I wanted to tell her that my parents, too, had turned into serious disappointments. Not deceased or maimed, but gone or mean. But I knew it was better to have alive and healthy parents than dead or injured ones, no matter how screwed up they were. I took a chance that I'd be called an idiot yet again and sat down on the planks where the glue had already dried, lighting a cigarette.

Tonya came and sat down next to me, waving her hand in front of my face as I smoked.

“I'm sorry about your sister,” she said.

“Oh, yeah? I appreciate your sympathy. Rosie really is a pain in the ass.”

“No, not Rosie,” she said. “You know.”

I really wanted to shrug, but my shoulders wouldn't move. Luckily my mouth was also frozen shut. She seemed to be waiting for me to respond, but suddenly I was fascinated with the silicone gun, the amazing machine with a steel trigger that could transverse different-sized cylindrical openings thanks to the beautiful laws of physics.

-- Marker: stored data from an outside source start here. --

lemma nn_integral_Icc_shift_mult:
  fixes w :: "real \<Rightarrow> real"
  assumes "continuous_on {0..1} w" and w_nonneg: "\<And>u. u \<in> {0..1} \<Longrightarrow> 0 \<le> w u"
    and a: "0 \<le> a" "a \<le> 1"
  shows "(\<integral>\<^sup>+u. indicator {0..1} u * ennreal (u - a) * ennreal (w u) \<partial>lborel) =
         ennreal (\<integral>u\<in>{a..1}. (u - a) * w u \<partial>lborel)"
proof -
  have "(\<integral>\<^sup>+u. indicator {0..1} u * ennreal (u - a) * ennreal (w u) \<partial>lborel) =
        (\<integral>\<^sup>+u. ennreal (indicator {a..1} u * ((u - a) * w u)) \<partial>lborel)"
  proof (rule nn_integral_cong)
    fix u :: real
    show "indicator {0..1} u * ennreal (u - a) * ennreal (w u) = ennreal (indicator {a..1} u * ((u - a) * w u))"
      using a w_nonneg[of u] by (cases "a \<le> u"; cases "u \<le> 1") (auto simp: indicator_def ennreal_neg ennreal_mult)
  qed
  also have "\<dots> = ennreal (\<integral>u\<in>{a..1}. (u - a) * w u \<partial>lborel)"
    unfolding set_lebesgue_integral_def real_scaleR_def
  proof (rule nn_integral_eq_integral)
    have "continuous_on {a..1} (\<lambda>u. (u - a) * w u)"
      using a by (intro continuous_intros continuous_on_subset[OF assms(1)]) auto
    from borel_integrable_compact[OF compact_Icc this]
    show "integrable lborel (\<lambda>u. indicator {a..1} u * ((u - a) * w u))"
      by simp
    show "AE u in lborel. 0 \<le> indicator {a..1} u * ((u - a) * w u)"
      using a w_nonneg by (auto simp: indicator_def)
  qed
  finally show ?thesis .
qed

context real_distribution
begin

lemma quantile_fn_le_iff:
  assumes "0 < s" "s < 1"
  shows "quantile_fn (cdf M) s \<le> x \<longleftrightarrow> s \<le> cdf M x"
proof -
  let ?S = "{x. s \<le> cdf M x}"
  obtain x1 where "s < cdf M x1"
    using order_tendstoD(1)[OF cdf_lim_at_top_prob \<open>s < 1\<close>] by (auto simp: eventually_at_top_linorder)
  then have ne: "?S \<noteq> {}" by (auto intro!: exI[of _ x1])
  obtain x0 where x0: "\<And>y. y \<le> x0 \<Longrightarrow> cdf M y < s"
    using order_tendstoD(2)[OF cdf_lim_at_bot \<open>0 < s\<close>] by (auto simp: eventually_at_bot_linorder)
  have bdd: "bdd_below ?S"
  proof (rule bdd_belowI)
    fix y
    assume "y \<in> ?S"
    with x0[of y] show "x0 \<le> y" by (cases "y \<le> x0") auto
  qed
  have attained: "s \<le> cdf M (quantile_fn (cdf M) s)"
  proof (rule tendsto_lowerbound)
    show "(cdf M \<longlongrightarrow> cdf M (quantile_fn (cdf M) s)) (at_right (quantile_fn (cdf M) s))"
      using cdf_is_right_cont by (simp add: continuous_within)
    show "\<forall>\<^sub>F x in at_right (quantile_fn (cdf M) s). s \<le> cdf M x"
      using eventually_at_right_less
    proof eventually_elim
      case (elim x)
      then obtain y where "y \<in> ?S" "y < x"
        using cInf_less_iff[OF ne bdd, of x] by (auto simp: quantile_fn_def)
      then show ?case using cdf_nondecreasing[of y x] by auto
    qed
  qed simp
  show ?thesis
  proof
    assume "quantile_fn (cdf M) s \<le> x"
    then show "s \<le> cdf M x" using attained cdf_nondecreasing by (blast intro: order_trans)
  next
    assume "s \<le> cdf M x"
    then show "quantile_fn (cdf M) s \<le> x" unfolding quantile_fn_def by (intro cInf_lower bdd) auto
  qed
qed

lemma mono_on_quantile_fn: "mono_on {0<..<1} (quantile_fn (cdf M))"
proof (rule mono_onI)
  fix r s :: real
  assume "r \<in> {0<..<1}" "s \<in> {0<..<1}" "r \<le> s"
  then show "quantile_fn (cdf M) r \<le> quantile_fn (cdf M) s"
    using quantile_fn_le_iff[of s "quantile_fn (cdf M) s"] quantile_fn_le_iff[of r "quantile_fn (cdf M) s"]
    by simp
qed

lemma borel_measurable_quantile_fn: "quantile_fn (cdf M) \<in> borel_measurable borel"
proof (rule measurable_discrete_difference[where X="{0, 1}"])
  let ?Q = "quantile_fn (cdf M)"
  have "(\<lambda>s. indicator {0<..<1} s * ?Q s) \<in> borel_measurable borel"
    using borel_measurable_mono_on_fnc[OF mono_on_quantile_fn]
      borel_measurable_restrict_space_iff[of "{0<..<1}" borel ?Q] by simp
  then show "(\<lambda>s. indicator {0<..<1} s * ?Q s + indicator {1<..} s * ?Q 2 + indicator {..<0} s * ?Q (-1))
      \<in> borel_measurable borel"
    by measurable
  fix s :: real
  assume "s \<notin> {0, 1}"
  moreover have "?Q s = ?Q 2" if "1 < s"
  proof -
    have "cdf M x < s" "cdf M x < 2" for x
      using cdf_bounded_prob[of x] that by linarith+
    then have "{x. s \<le> cdf M x} = {}" "{x. 2 \<le> cdf M x} = {}"
      by (auto simp: not_le)
    then show ?thesis unfolding quantile_fn_def by simp
  qed
  moreover have "?Q s = ?Q (-1)" if "s < 0"
  proof -
    have "s \<le> cdf M x" "-1 \<le> cdf M x" for x
      using cdf_nonneg[of x] that by linarith+
    then have "{x. s \<le> cdf M x} = UNIV" "{x. -1 \<le> cdf M x} = UNIV"
      by auto
    then show ?thesis unfolding quantile_fn_def by simp
  qed
  ultimately show "indicator {0<..<1} s * ?Q s + indicator {1<..} s * ?Q 2 + indicator {..<0} s * ?Q (-1) = ?Q s"
    by (cases "s < 0"; cases "1 < s") (auto simp: indicator_def)
qed auto

end

locale nonneg_integrable_rv = prob_space M for M :: "'a measure" +
  fixes X :: "'a \<Rightarrow> real"
  assumes X_measurable[measurable]: "X \<in> borel_measurable M"
    and X_nonneg: "AE \<omega> in M. 0 \<le> X \<omega>"
    and X_integrable: "integrable M X"
begin

abbreviation law :: "real measure" where
  "law \<equiv> distr M borel X"

abbreviation F :: "real \<Rightarrow> real" where
  "F \<equiv> cdf_of M X"

abbreviation Q :: "real \<Rightarrow> real" where
  "Q \<equiv> quantile_fn F"

lemma real_distribution_law: "real_distribution law"
  by simp

lemma cdf_of_eq_cdf: "F = cdf law"
  by (simp add: fun_eq_iff cdf_of_def cdf_def measure_distr vimage_def Int_def conj_commute)

lemma cdf_of_nonneg: "0 \<le> F x"
  by (simp add: cdf_of_def)

lemma cdf_of_le_1: "F x \<le> 1"
  unfolding cdf_of_eq_cdf by (rule real_distribution.cdf_bounded_prob[OF real_distribution_law])

lemma cdf_of_mono: "x \<le> y \<Longrightarrow> F x \<le> F y"
  unfolding cdf_of_eq_cdf
  by (rule finite_borel_measure.cdf_nondecreasing[OF real_distribution.finite_borel_measure_M[OF real_distribution_law]])

lemma cdf_of_eq_0:
  assumes "x < 0"
  shows "F x = 0"
proof -
  have "AE \<omega> in M. \<omega> \<notin> {\<omega> \<in> space M. X \<omega> \<le> x}"
    using X_nonneg by eventually_elim (use assms in auto)
  then show ?thesis
    unfolding cdf_of_def by (subst (asm) AE_iff_measurable[OF _ refl]) (auto simp: measure_def)
qed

“I'm sorry,” she said again. “I liked Ginny.”

I wondered what happened to our old car. Where did it go? It was probably crushed and turned into scrap metal. It might be in this trigger right now.

“We have four more that we're supposed to do by the end of the day,” I said, getting up and stubbing my cigarette out.

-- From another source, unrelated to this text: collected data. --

lemma nn_integral_weighted_Icc_swap:
  fixes K :: "'a measure" and W V :: "'a \<Rightarrow> real" and g :: "real \<Rightarrow> real"
  assumes "sigma_finite_measure K"
    and [measurable]: "W \<in> borel_measurable K" "V \<in> borel_measurable K" "g \<in> borel_measurable borel"
  shows "(\<integral>\<^sup>+\<omega>. ennreal (W \<omega>) * (\<integral>\<^sup>+y. ennreal (g y) * indicator {0..V \<omega>} y \<partial>lborel) \<partial>K)
       = (\<integral>\<^sup>+y. ennreal (g y) * indicator {0..} y *
            (\<integral>\<^sup>+\<omega>. ennreal (W \<omega>) * indicator {\<omega>\<in>space K. y \<le> V \<omega>} \<omega> \<partial>K) \<partial>lborel)"
proof -
  interpret pair_sigma_finite K lborel
    using assms(1) by (simp add: lborel.sigma_finite_measure_axioms pair_sigma_finite_def)
  define H where "H = (\<lambda>\<omega> y. ennreal (W \<omega>) * ennreal (g y) * (if 0 \<le> y \<and> y \<le> V \<omega> then 1 else 0))"
  have "case_prod H \<in> borel_measurable (K \<Otimes>\<^sub>M lborel)"
    unfolding H_def by measurable
  then have "(\<integral>\<^sup>+\<omega>. (\<integral>\<^sup>+y. H \<omega> y \<partial>lborel) \<partial>K) = (\<integral>\<^sup>+y. (\<integral>\<^sup>+\<omega>. H \<omega> y \<partial>K) \<partial>lborel)"
    by (rule Fubini'[symmetric])
  moreover have "(\<integral>\<^sup>+y. H \<omega> y \<partial>lborel)
      = ennreal (W \<omega>) * (\<integral>\<^sup>+y. ennreal (g y) * indicator {0..V \<omega>} y \<partial>lborel)" for \<omega>
    unfolding H_def
    by (subst nn_integral_cmult[symmetric], measurable)
       (auto intro!: nn_integral_cong simp: indicator_def)
  moreover have "(\<integral>\<^sup>+\<omega>. H \<omega> y \<partial>K) = ennreal (g y) * indicator {0..} y *
      (\<integral>\<^sup>+\<omega>. ennreal (W \<omega>) * indicator {\<omega>\<in>space K. y \<le> V \<omega>} \<omega> \<partial>K)" for y
    unfolding H_def
    by (subst nn_integral_cmult[symmetric], measurable)
       (auto intro!: nn_integral_cong simp: indicator_def mult_ac)
  ultimately show ?thesis
    by simp
qed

“Right. Let's do it, soldier.”

I started to sand the places where the bubbles of silicone had hardened, whistling the tune to Sam Cooke's “Chain Gang.”

“Not funny,” Tonya said.

“A little bit funny?”

“Okay, a little bit funny,” she said, and softly whistled along, the sounds flat and off-key.

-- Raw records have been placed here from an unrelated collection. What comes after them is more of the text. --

(* Let $A=\begin{bmatrix}a&b\\c&d\end{bmatrix}$ be a real $2\times 2$ matrix. Then: (1) $a$ is an interior L-eigenvalue of $A$ if and only if $b=0$ and either $a=d$ or $|a-d|<|c|$; (2) a real number $\lambda\neq a$ is an interior L-eigenvalue of $A$ if and only if $\lambda$ is a (real) root of $t^2-(a+d)t+(ad-bc)$, i.e. $\lambda\in\{\frac{a+d\pm\sqrt{(a-d)^2+4bc}}{2}\}\subseteq\mathbb{R}$, and $|b|<|a-\lambda|$; (3) $\lambda$ is a boundary L-eigenvalue of $A$ if and only if one of the following holds: (a) $\lambda=\frac{(a+d)+(b+c)}{2}$ and $a-d\le c-b$; (b) $\lambda=\frac{(a+d)-(b+c)}{2}$ and $a-d\le b-c$.
   Context: The Lorentz cone in $\mathbb{R}^2$ is $\mathcal{K}=\{(x_1,x_2)^T:\ |x_1|\le x_2\}$. For a real $2\times2$ matrix $A$, a real $\lambda$ is an L-eigenvalue of $A$ if there is a nonzero $x\in\mathcal{K}$ with $(A-\lambda I)x\in\mathcal{K}$ and $x^T(A-\lambda I)x=0$ ($x$ is an associated L-eigenvector). $\lambda$ is an interior L-eigenvalue if it has an associated L-eigenvector in the interior of $\mathcal{K}$, and a boundary L-eigenvalue if it has an associated L-eigenvector on the boundary of $\mathcal{K}$. *)

theory Defs
  imports "HOL-Analysis.Analysis"
begin

definition lorentz_cone :: "(real^2) set" where
  "lorentz_cone = {x. \<bar>x $ 1\<bar> \<le> x $ 2}"

definition L_eigvec :: "real^2^2 \<Rightarrow> real \<Rightarrow> real^2 \<Rightarrow> bool" where
  "L_eigvec A l x \<longleftrightarrow> x \<noteq> 0 \<and> x \<in> lorentz_cone \<and>
     (A - l *\<^sub>R mat 1) *v x \<in> lorentz_cone \<and> x \<bullet> ((A - l *\<^sub>R mat 1) *v x) = 0"

definition L_eigenvalue :: "real^2^2 \<Rightarrow> real \<Rightarrow> bool" where
  "L_eigenvalue A l \<longleftrightarrow> (\<exists>x. L_eigvec A l x)"

definition interior_L_eigenvalue :: "real^2^2 \<Rightarrow> real \<Rightarrow> bool" where
  "interior_L_eigenvalue A l \<longleftrightarrow> (\<exists>x. L_eigvec A l x \<and> x \<in> interior lorentz_cone)"

definition boundary_L_eigenvalue :: "real^2^2 \<Rightarrow> real \<Rightarrow> bool" where
  "boundary_L_eigenvalue A l \<longleftrightarrow> (\<exists>x. L_eigvec A l x \<and> x \<in> frontier lorentz_cone)"

definition mat2 :: "real \<Rightarrow> real \<Rightarrow> real \<Rightarrow> real \<Rightarrow> real^2^2" where
  "mat2 a b c d = vector [vector [a, b], vector [c, d]]"

end

theory Submission
  imports Defs
begin

text \<open>An interior vector x of the Lorentz cone is orthogonal to no nonzero vector of the cone,
  so for an interior L-eigenvector the complementarity condition forces (A - l I) x = 0 and
  interior L-eigenvalues are ordinary eigenvalues with an eigenvector inside the cone.
  The boundary of the cone consists of the two rays through (1,1) and (-1,1), and the
  L-eigenvector conditions are invariant under positive scaling, so the boundary
  L-eigenvalues are read off from these two vectors.\<close>

lemma inner_real2: "(x::real^2) \<bullet> y = x$1 * y$1 + x$2 * y$2"
  by (simp add: inner_vec_def sum_2)

lemma vec2_eq_iff: "(x::'a^2) = y \<longleftrightarrow> x$1 = y$1 \<and> x$2 = y$2"
  by (metis exhaust_2 vec_eq_iff)

lemma interior_lorentz_cone: "interior lorentz_cone = {x. \<bar>x$1\<bar> < x$2}"
proof
  have "open {x::real^2. \<bar>x$1\<bar> < x$2}"
    by (intro open_Collect_less continuous_intros)
  moreover have "{x::real^2. \<bar>x$1\<bar> < x$2} \<subseteq> lorentz_cone"
    by (auto simp: lorentz_cone_def)
  ultimately show "{x. \<bar>x$1\<bar> < x$2} \<subseteq> interior lorentz_cone"
    using interior_maximal by blast
next
  show "interior lorentz_cone \<subseteq> {x. \<bar>x$1\<bar> < x$2}"
  proof
    fix x assume "x \<in> interior lorentz_cone"
    then obtain e where e: "e > 0" "ball x e \<subseteq> lorentz_cone"
      using mem_interior by blast
    define y where "y = x - (e/2) *\<^sub>R axis 2 1"
    have "dist x y < e"
      using e by (simp add: y_def dist_norm)
    then have "y \<in> lorentz_cone"
      using e by auto
    then have "\<bar>x$1\<bar> \<le> x$2 - e/2"
      by (simp add: y_def lorentz_cone_def axis_def)
    then show "x \<in> {x. \<bar>x$1\<bar> < x$2}"
      using e by simp
  qed
qed

lemma frontier_lorentz_cone: "frontier lorentz_cone = {x. \<bar>x$1\<bar> = x$2}"
proof -
  have "closed lorentz_cone"
    unfolding lorentz_cone_def by (intro closed_Collect_le continuous_intros)
  then show ?thesis
    unfolding frontier_def interior_lorentz_cone by (auto simp: lorentz_cone_def)
qed

lemma lorentz_cone_scaleR_iff:
  assumes "t > 0"
  shows "t *\<^sub>R x \<in> lorentz_cone \<longleftrightarrow> x \<in> lorentz_cone"
  using assms by (simp add: lorentz_cone_def abs_mult)

lemma interior_lorentz_cone_orthogonal:
  assumes x: "x \<in> interior lorentz_cone" and y: "y \<in> lorentz_cone" and "x \<bullet> y = 0"
  shows "y = 0"
proof -
  have x': "\<bar>x$1\<bar> < x$2" and y': "\<bar>y$1\<bar> \<le> y$2"
    using x y unfolding interior_lorentz_cone by (auto simp: lorentz_cone_def)
  have "x$2 * \<bar>y$1\<bar> \<le> x$2 * y$2"
    using x' y' by (simp add: mult_left_mono)
  also have "x$2 * y$2 = - (x$1 * y$1)"
    using \<open>x \<bullet> y = 0\<close> by (simp add: inner_real2)
  also have "\<dots> \<le> \<bar>x$1\<bar> * \<bar>y$1\<bar>"
    by (metis abs_ge_minus_self abs_mult)
  finally have "(x$2 - \<bar>x$1\<bar>) * \<bar>y$1\<bar> \<le> 0"
    by (simp add: algebra_simps)
  then have "y$1 = 0"
    using x' by (simp add: mult_le_0_iff)
  then show "y = 0"
    using \<open>x \<bullet> y = 0\<close> x' by (auto simp: vec2_eq_iff inner_real2)
qed

lemma interior_L_eigenvalue_iff_eigenvector:
  "interior_L_eigenvalue A l \<longleftrightarrow>
     (\<exists>x \<in> interior lorentz_cone. (A - l *\<^sub>R mat 1) *v x = 0)"
proof
  assume "interior_L_eigenvalue A l"
  then obtain x where "L_eigvec A l x" "x \<in> interior lorentz_cone"
    unfolding interior_L_eigenvalue_def by blast
  then show "\<exists>x \<in> interior lorentz_cone. (A - l *\<^sub>R mat 1) *v x = 0"
    unfolding L_eigvec_def using interior_lorentz_cone_orthogonal by blast
next
  assume "\<exists>x \<in> interior lorentz_cone. (A - l *\<^sub>R mat 1) *v x = 0"
  then obtain x where x: "x \<in> interior lorentz_cone" "(A - l *\<^sub>R mat 1) *v x = 0"
    by blast
  have "x \<noteq> 0" "x \<in> lorentz_cone" "0 \<in> lorentz_cone"
    using x(1) unfolding interior_lorentz_cone by (auto simp: lorentz_cone_def)
  then show "interior_L_eigenvalue A l"
    unfolding interior_L_eigenvalue_def L_eigvec_def using x by auto
qed

lemma L_eigvec_scaleR_iff:
  assumes "t > 0"
  shows "L_eigvec A l (t *\<^sub>R x) \<longleftrightarrow> L_eigvec A l x"
  using assms
  by (simp add: L_eigvec_def lorentz_cone_scaleR_iff matrix_vector_mult_scaleR)

lemma frontier_lorentz_cone_rays:
  assumes "x \<in> frontier lorentz_cone" "x \<noteq> 0"
  shows "x$2 > 0 \<and> (x = x$2 *\<^sub>R vector [1, 1] \<or> x = x$2 *\<^sub>R vector [-1, 1])"
  using assms by (auto simp: frontier_lorentz_cone vec2_eq_iff abs_if split: if_splits)

lemma boundary_L_eigenvalue_iff_rays:
  "boundary_L_eigenvalue A l \<longleftrightarrow>
     L_eigvec A l (vector [1, 1]) \<or> L_eigvec A l (vector [-1, 1])"
proof
  assume "boundary_L_eigenvalue A l"
  then obtain x where x: "L_eigvec A l x" "x \<in> frontier lorentz_cone"
    unfolding boundary_L_eigenvalue_def by blast
  then have "x \<noteq> 0"
    by (simp add: L_eigvec_def)
  with x show "L_eigvec A l (vector [1, 1]) \<or> L_eigvec A l (vector [-1, 1])"
    using frontier_lorentz_cone_rays L_eigvec_scaleR_iff by metis
next
  have "vector [1, 1] \<in> frontier lorentz_cone" "vector [-1, 1] \<in> frontier lorentz_cone"
    by (simp_all add: frontier_lorentz_cone)
  then show "L_eigvec A l (vector [1, 1]) \<or> L_eigvec A l (vector [-1, 1])
      \<Longrightarrow> boundary_L_eigenvalue A l"
    unfolding boundary_L_eigenvalue_def by blast
qed

lemma mat2_minus_scaleR_mult [simp]:
  "((mat2 a b c d - l *\<^sub>R mat 1) *v x) $ 1 = (a - l) * x$1 + b * x$2"
  "((mat2 a b c d - l *\<^sub>R mat 1) *v x) $ 2 = c * x$1 + (d - l) * x$2"
  by (simp_all add: mat2_def matrix_vector_mult_def sum_2 mat_def algebra_simps)

lemma interior_L_eigenvalue_mat2_iff:
  "interior_L_eigenvalue (mat2 a b c d) l \<longleftrightarrow>
     (\<exists>s. \<bar>s\<bar> < 1 \<and> (a - l) * s + b = 0 \<and> c * s + (d - l) = 0)"
  unfolding interior_L_eigenvalue_iff_eigenvector
proof
  assume "\<exists>x \<in> interior lorentz_cone. (mat2 a b c d - l *\<^sub>R mat 1) *v x = 0"
  then obtain x :: "real^2" where x: "\<bar>x$1\<bar> < x$2" "(a - l) * x$1 + b * x$2 = 0" "c * x$1 + (d - l) * x$2 = 0"
    by (auto simp: interior_lorentz_cone vec2_eq_iff)
  have "x$2 > 0"
    using x(1) by linarith
  with x show "\<exists>s. \<bar>s\<bar> < 1 \<and> (a - l) * s + b = 0 \<and> c * s + (d - l) = 0"
    by (intro exI[of _ "x$1 / x$2"]) (auto simp: abs_divide field_simps)
next
  assume "\<exists>s. \<bar>s\<bar> < 1 \<and> (a - l) * s + b = 0 \<and> c * s + (d - l) = 0"
  then obtain s where "\<bar>s\<bar> < 1" "(a - l) * s + b = 0" "c * s + (d - l) = 0"
    by blast
  then show "\<exists>x \<in> interior lorentz_cone. (mat2 a b c d - l *\<^sub>R mat 1) *v x = 0"
    by (intro bexI[of _ "vector [s, 1]"]) (auto simp: interior_lorentz_cone vec2_eq_iff)
qed

lemma interior_L_eigenvalue_mat2_diagonal:
  "interior_L_eigenvalue (mat2 a b c d) a \<longleftrightarrow> b = 0 \<and> (a = d \<or> \<bar>a - d\<bar> < \<bar>c\<bar>)"
  unfolding interior_L_eigenvalue_mat2_iff
proof
  assume "\<exists>s. \<bar>s\<bar> < 1 \<and> (a - a) * s + b = 0 \<and> c * s + (d - a) = 0"
  then obtain s where s: "\<bar>s\<bar> < 1" "b = 0" "a - d = c * s"
    by auto
  have "\<bar>a - d\<bar> < \<bar>c\<bar>" if "a \<noteq> d"
  proof -
    have "c \<noteq> 0"
      using s(3) that by auto
    have "\<bar>a - d\<bar> = \<bar>c\<bar> * \<bar>s\<bar>"
      using s(3) by (simp add: abs_mult)
    also have "\<dots> < \<bar>c\<bar>"
      using s(1) \<open>c \<noteq> 0\<close> by simp
    finally show ?thesis .
  qed
  with s(2) show "b = 0 \<and> (a = d \<or> \<bar>a - d\<bar> < \<bar>c\<bar>)"
    by blast
next
  assume "b = 0 \<and> (a = d \<or> \<bar>a - d\<bar> < \<bar>c\<bar>)"
  then consider "b = 0" "a = d" | "b = 0" "\<bar>a - d\<bar> < \<bar>c\<bar>"
    by blast
  then show "\<exists>s. \<bar>s\<bar> < 1 \<and> (a - a) * s + b = 0 \<and> c * s + (d - a) = 0"
  proof cases
    case 1
    then show ?thesis
      by (intro exI[of _ 0]) simp
  next
    case 2
    then show ?thesis
      by (intro exI[of _ "(a - d) / c"]) (auto simp: abs_divide divide_less_eq)
  qed
qed

lemma interior_L_eigenvalue_mat2_off_diagonal:
  assumes "l \<noteq> a"
  shows "interior_L_eigenvalue (mat2 a b c d) l \<longleftrightarrow>
     l\<^sup>2 - (a + d) * l + (a * d - b * c) = 0 \<and> \<bar>b\<bar> < \<bar>a - l\<bar>"
  unfolding interior_L_eigenvalue_mat2_iff
proof -
  have "a - l \<noteq> 0"
    using assms by simp
  have "(a - l) * s + b = 0 \<longleftrightarrow> s = - b / (a - l)" for s
    using \<open>a - l \<noteq> 0\<close> by (auto simp: field_simps)
  moreover have "c * (- b / (a - l)) + (d - l) = (l\<^sup>2 - (a + d) * l + (a * d - b * c)) / (a - l)"
    using \<open>a - l \<noteq> 0\<close> by (simp add: field_simps power2_eq_square)
  moreover have "\<bar>- b / (a - l)\<bar> < 1 \<longleftrightarrow> \<bar>b\<bar> < \<bar>a - l\<bar>"
    using \<open>a - l \<noteq> 0\<close> by (simp add: abs_divide divide_less_eq)
  ultimately show "(\<exists>s. \<bar>s\<bar> < 1 \<and> (a - l) * s + b = 0 \<and> c * s + (d - l) = 0) \<longleftrightarrow>
      l\<^sup>2 - (a + d) * l + (a * d - b * c) = 0 \<and> \<bar>b\<bar> < \<bar>a - l\<bar>"
    using \<open>a - l \<noteq> 0\<close> by auto
qed

lemma L_eigvec_mat2_ray_plus:
  "L_eigvec (mat2 a b c d) l (vector [1, 1]) \<longleftrightarrow> l = ((a + d) + (b + c)) / 2 \<and> a - d \<le> c - b"
  by (auto simp: L_eigvec_def lorentz_cone_def inner_real2 vec2_eq_iff field_simps)

lemma L_eigvec_mat2_ray_minus:
  "L_eigvec (mat2 a b c d) l (vector [-1, 1]) \<longleftrightarrow> l = ((a + d) - (b + c)) / 2 \<and> a - d \<le> b - c"
  by (auto simp: L_eigvec_def lorentz_cone_def inner_real2 vec2_eq_iff field_simps)

theorem theorem3p1:
  fixes a b c d :: real
  defines "A \<equiv> mat2 a b c d"
  shows "(interior_L_eigenvalue A a \<longleftrightarrow> b = 0 \<and> (a = d \<or> \<bar>a - d\<bar> < \<bar>c\<bar>))
    \<and> (\<forall>l::real. l \<noteq> a \<longrightarrow>
         (interior_L_eigenvalue A l \<longleftrightarrow>
            l\<^sup>2 - (a + d) * l + (a * d - b * c) = 0 \<and> \<bar>b\<bar> < \<bar>a - l\<bar>))
    \<and> (\<forall>l::real. boundary_L_eigenvalue A l \<longleftrightarrow>
         ((l = ((a + d) + (b + c)) / 2 \<and> a - d \<le> c - b) \<or>
          (l = ((a + d) - (b + c)) / 2 \<and> a - d \<le> b - c)))"
  unfolding A_def boundary_L_eigenvalue_iff_rays L_eigvec_mat2_ray_plus L_eigvec_mat2_ray_minus
  using interior_L_eigenvalue_mat2_diagonal interior_L_eigenvalue_mat2_off_diagonal by blast

end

“You suck at whistling,” I said to her. “You know this, right?”

“It's not like I was planning to make it my career,” she said. And she whistled anyway.

 

That night, I arrived first at Soo's, as Tommy and Tiger were setting up. Certain other human beings had not yet shown up.

“We are cleared for noise making?” I asked Soo.

“I guess we'll see. I think my mom has already reached the state where she can't make it to the top of the stairs.”

We laughed at this, but the corners of her mouth turned quickly down. A drunk mom was becoming less and less funny. “Speaking of altered states—​you want a beer?” She went to the bar and pulled out a can of Bud Light.

I shook my head, trying to be nonchalant. “Nah,” I said, and I felt strangely powerful. I could, as Nancy Reagan's TV ads had urged, “just say no.” Soo tilted her head back and took a huge gulp, just as her mom had done. Her smile, when she was finished, was almost apologetic. Something was off. It had to be me, something I'd done or not done, but before I could descend into a hole of self-doubt and defensiveness, Dean got there, and suddenly my shoes required my full attention. I heard him greet the guys, and I heard him adjust the snare drum and the cymbals and then I heard him say, “Carrie—​you with us?” And I heard myself force the word out: “Yes.”

 

And that is how I came to be strumming along to “Knocking on Heaven's Door” and “Fourth of July” and “New Day Rising” and “Oh Sweet Nuthin'.” I sang harmony, and Tiger sang lead on everything except a Violent Femmes song that Dean sang because the Violent Femmes did not necessarily require perfect pitch, and Dean made a cute dumb face while he played the drums with his tongue sticking out to one side. I loved the electricity, the beautiful friction of harmony, and I loved when I went low, below Tiger's sturdy voice.

And then Dean called out “My War,” and they all went into Black Flag, Justin whaling on his Flying V.